Please copy every line from the following entries in which the word "noteq" appears.

(Extracted data begins)

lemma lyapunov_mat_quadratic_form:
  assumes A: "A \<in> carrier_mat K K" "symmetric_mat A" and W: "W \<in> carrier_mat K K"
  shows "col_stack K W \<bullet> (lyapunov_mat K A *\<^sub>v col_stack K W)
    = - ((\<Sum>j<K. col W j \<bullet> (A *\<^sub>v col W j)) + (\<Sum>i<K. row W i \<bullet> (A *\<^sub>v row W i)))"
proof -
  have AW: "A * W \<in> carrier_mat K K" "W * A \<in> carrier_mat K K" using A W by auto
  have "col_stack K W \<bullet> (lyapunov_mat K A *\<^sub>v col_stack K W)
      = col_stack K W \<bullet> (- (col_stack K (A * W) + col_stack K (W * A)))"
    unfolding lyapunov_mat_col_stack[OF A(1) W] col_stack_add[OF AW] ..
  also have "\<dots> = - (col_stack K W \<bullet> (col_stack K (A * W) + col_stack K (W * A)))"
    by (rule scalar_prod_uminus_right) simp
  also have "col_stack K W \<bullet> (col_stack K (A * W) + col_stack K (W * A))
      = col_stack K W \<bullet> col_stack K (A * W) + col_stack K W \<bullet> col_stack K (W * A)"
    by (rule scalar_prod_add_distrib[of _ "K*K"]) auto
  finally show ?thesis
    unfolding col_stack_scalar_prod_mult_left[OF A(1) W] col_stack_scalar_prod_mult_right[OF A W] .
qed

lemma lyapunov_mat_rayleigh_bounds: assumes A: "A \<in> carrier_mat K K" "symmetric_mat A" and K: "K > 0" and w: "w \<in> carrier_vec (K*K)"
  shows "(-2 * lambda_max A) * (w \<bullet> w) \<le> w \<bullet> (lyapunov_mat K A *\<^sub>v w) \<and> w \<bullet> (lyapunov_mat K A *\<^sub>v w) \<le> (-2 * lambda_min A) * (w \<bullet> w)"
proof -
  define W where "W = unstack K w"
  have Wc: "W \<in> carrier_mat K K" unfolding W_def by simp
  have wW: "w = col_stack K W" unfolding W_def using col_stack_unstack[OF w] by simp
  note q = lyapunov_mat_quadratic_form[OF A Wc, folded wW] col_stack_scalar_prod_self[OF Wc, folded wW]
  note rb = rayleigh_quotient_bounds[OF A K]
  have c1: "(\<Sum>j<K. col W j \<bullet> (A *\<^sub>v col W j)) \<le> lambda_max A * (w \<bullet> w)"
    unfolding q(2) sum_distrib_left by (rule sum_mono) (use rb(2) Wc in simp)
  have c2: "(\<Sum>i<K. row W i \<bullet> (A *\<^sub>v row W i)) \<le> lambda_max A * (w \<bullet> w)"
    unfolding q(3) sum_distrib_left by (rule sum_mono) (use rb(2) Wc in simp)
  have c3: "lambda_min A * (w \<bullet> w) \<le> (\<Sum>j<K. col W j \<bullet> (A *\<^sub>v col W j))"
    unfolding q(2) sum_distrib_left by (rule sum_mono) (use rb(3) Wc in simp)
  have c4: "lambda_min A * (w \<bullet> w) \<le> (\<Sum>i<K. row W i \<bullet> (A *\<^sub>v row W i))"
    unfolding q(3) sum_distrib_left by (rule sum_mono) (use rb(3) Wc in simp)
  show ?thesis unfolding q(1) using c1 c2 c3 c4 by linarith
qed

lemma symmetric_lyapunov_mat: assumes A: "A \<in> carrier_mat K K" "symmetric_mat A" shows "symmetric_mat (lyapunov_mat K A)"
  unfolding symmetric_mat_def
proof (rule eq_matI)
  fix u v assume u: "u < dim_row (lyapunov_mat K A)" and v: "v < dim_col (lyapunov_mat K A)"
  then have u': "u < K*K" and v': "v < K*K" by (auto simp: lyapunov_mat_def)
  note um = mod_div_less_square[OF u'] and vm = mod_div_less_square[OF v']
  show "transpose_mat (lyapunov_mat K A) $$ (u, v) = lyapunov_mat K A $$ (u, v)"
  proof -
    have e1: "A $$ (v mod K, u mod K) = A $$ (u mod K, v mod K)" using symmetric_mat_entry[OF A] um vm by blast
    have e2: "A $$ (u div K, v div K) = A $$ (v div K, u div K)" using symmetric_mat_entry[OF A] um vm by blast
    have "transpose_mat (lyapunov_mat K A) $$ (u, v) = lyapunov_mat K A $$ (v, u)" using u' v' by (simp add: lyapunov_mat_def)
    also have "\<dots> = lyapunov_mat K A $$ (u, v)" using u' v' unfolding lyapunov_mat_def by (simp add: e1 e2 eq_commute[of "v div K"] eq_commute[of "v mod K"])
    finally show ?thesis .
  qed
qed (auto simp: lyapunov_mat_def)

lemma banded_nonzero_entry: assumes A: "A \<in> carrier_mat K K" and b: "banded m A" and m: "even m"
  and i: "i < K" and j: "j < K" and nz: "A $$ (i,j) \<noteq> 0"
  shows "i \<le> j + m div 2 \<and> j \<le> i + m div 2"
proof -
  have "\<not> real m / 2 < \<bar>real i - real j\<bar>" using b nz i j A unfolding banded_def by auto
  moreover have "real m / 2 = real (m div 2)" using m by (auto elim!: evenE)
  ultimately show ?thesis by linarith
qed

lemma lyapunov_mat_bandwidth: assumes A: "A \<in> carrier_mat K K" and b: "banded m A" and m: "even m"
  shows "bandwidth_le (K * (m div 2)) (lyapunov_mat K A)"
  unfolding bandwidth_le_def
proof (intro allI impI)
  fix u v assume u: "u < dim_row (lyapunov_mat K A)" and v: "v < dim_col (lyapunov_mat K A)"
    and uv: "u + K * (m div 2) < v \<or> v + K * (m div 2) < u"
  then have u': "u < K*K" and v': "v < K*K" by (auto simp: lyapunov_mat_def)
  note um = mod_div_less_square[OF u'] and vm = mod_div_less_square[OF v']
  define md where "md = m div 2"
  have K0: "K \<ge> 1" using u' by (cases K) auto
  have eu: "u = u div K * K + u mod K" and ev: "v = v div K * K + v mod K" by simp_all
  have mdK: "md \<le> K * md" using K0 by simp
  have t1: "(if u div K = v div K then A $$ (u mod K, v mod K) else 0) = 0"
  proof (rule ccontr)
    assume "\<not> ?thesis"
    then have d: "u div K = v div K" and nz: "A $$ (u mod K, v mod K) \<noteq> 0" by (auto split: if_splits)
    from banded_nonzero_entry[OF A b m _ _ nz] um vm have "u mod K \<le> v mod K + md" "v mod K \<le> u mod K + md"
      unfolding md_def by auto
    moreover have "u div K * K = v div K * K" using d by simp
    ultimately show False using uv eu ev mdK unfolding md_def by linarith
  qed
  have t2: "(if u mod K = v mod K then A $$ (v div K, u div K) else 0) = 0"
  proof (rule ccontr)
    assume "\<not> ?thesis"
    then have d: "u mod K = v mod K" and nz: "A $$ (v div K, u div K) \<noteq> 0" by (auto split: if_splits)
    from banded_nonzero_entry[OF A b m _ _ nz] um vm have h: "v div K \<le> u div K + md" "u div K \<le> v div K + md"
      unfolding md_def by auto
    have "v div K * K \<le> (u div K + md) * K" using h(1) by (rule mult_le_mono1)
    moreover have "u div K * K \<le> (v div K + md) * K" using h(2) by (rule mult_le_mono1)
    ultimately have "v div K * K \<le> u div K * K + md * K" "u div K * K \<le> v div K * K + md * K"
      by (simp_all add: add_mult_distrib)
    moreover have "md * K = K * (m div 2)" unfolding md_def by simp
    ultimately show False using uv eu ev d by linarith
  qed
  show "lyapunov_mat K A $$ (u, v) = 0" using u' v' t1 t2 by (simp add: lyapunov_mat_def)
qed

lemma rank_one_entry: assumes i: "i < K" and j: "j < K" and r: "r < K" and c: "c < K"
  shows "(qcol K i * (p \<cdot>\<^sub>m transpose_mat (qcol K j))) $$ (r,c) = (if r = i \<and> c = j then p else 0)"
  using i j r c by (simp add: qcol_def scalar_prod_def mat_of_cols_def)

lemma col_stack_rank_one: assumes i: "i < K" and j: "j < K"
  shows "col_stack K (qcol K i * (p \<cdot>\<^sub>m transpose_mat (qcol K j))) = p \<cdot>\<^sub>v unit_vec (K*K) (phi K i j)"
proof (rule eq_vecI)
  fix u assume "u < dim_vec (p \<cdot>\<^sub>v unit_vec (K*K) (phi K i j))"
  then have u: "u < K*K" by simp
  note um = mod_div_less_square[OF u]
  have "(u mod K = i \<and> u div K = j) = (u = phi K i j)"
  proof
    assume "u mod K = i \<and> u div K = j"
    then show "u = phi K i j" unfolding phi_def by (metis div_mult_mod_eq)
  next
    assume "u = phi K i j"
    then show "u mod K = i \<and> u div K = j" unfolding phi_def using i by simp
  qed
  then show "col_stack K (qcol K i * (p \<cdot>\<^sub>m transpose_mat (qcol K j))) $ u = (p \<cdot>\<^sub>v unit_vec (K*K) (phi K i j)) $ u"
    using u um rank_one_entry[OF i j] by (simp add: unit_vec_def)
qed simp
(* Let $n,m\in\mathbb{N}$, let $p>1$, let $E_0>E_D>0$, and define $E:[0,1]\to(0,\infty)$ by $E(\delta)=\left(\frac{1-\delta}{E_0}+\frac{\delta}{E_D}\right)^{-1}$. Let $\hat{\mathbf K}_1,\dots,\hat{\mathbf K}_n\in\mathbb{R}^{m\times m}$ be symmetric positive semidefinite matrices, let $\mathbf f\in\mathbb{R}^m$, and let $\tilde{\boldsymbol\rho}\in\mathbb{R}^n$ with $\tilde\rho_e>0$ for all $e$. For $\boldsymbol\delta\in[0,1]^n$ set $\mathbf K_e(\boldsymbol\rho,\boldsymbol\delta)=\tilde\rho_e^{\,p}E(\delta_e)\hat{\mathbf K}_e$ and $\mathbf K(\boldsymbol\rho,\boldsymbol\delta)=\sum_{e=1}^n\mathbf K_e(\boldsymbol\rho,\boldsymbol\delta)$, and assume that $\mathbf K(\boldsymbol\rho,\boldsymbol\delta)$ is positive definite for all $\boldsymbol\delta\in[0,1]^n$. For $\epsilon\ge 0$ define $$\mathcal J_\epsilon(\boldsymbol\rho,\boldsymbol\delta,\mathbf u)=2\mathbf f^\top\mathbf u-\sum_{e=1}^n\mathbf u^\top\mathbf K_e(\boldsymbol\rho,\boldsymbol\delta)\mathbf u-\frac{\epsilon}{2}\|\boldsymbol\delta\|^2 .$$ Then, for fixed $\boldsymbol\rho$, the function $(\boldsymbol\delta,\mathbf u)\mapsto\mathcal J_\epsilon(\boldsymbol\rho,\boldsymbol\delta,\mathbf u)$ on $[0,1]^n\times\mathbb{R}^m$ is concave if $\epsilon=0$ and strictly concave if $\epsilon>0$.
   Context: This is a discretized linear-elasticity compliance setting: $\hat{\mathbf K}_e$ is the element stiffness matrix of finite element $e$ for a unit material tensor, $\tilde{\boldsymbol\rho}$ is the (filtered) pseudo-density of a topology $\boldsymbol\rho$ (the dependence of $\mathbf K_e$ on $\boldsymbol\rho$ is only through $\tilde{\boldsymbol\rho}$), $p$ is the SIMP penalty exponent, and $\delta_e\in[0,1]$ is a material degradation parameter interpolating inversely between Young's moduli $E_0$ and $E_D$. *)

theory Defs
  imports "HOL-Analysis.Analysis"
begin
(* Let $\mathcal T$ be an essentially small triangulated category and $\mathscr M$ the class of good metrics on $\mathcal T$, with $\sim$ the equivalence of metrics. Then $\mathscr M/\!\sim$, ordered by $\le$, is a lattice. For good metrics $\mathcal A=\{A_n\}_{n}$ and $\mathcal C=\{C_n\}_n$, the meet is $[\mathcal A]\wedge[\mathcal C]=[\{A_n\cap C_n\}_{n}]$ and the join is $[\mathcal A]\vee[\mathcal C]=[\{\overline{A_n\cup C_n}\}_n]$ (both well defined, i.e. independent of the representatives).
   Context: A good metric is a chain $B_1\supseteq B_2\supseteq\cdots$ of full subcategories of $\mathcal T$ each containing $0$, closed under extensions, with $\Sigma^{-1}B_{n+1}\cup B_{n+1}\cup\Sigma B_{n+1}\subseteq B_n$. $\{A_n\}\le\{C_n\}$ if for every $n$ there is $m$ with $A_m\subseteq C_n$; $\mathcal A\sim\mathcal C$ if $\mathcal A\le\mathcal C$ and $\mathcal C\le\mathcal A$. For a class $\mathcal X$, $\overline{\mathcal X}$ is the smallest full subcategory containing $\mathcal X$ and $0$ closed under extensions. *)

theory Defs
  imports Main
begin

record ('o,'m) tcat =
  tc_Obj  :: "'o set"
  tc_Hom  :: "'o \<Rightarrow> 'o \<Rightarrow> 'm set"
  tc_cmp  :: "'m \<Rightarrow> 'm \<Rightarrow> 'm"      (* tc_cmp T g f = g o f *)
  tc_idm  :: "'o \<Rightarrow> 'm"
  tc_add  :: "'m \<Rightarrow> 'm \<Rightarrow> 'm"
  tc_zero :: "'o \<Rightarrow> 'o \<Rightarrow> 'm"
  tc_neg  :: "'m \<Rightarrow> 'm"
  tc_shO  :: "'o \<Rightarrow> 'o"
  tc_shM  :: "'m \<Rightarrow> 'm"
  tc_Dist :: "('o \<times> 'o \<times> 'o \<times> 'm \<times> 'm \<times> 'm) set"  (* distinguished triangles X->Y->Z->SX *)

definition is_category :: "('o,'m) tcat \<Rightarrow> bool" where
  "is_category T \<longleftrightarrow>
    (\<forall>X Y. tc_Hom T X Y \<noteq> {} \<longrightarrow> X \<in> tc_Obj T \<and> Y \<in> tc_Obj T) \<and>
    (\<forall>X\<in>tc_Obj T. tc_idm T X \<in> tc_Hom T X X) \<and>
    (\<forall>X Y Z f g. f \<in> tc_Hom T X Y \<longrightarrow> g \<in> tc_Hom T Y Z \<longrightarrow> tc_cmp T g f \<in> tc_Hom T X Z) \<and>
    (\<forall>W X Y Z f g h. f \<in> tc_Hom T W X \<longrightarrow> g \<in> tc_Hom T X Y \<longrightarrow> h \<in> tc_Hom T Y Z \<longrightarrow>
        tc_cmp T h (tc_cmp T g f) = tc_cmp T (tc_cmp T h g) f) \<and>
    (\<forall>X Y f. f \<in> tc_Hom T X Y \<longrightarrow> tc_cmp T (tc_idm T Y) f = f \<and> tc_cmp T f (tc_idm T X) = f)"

(Extracted data ends)

▶ **Task answer**:
  and i: "i < K" and j: "j < K" and nz: "A $$ (i,j) \<noteq> 0"
    then have d: "u div K = v div K" and nz: "A $$ (u mod K, v mod K) \<noteq> 0" by (auto split: if_splits)
    then have d: "u mod K = v mod K" and nz: "A $$ (v div K, u div K) \<noteq> 0" by (auto split: if_splits)
    (\<forall>X Y. tc_Hom T X Y \<noteq> {} \<longrightarrow> X \<in> tc_Obj T \<and> Y \<in> tc_Obj T) \<and>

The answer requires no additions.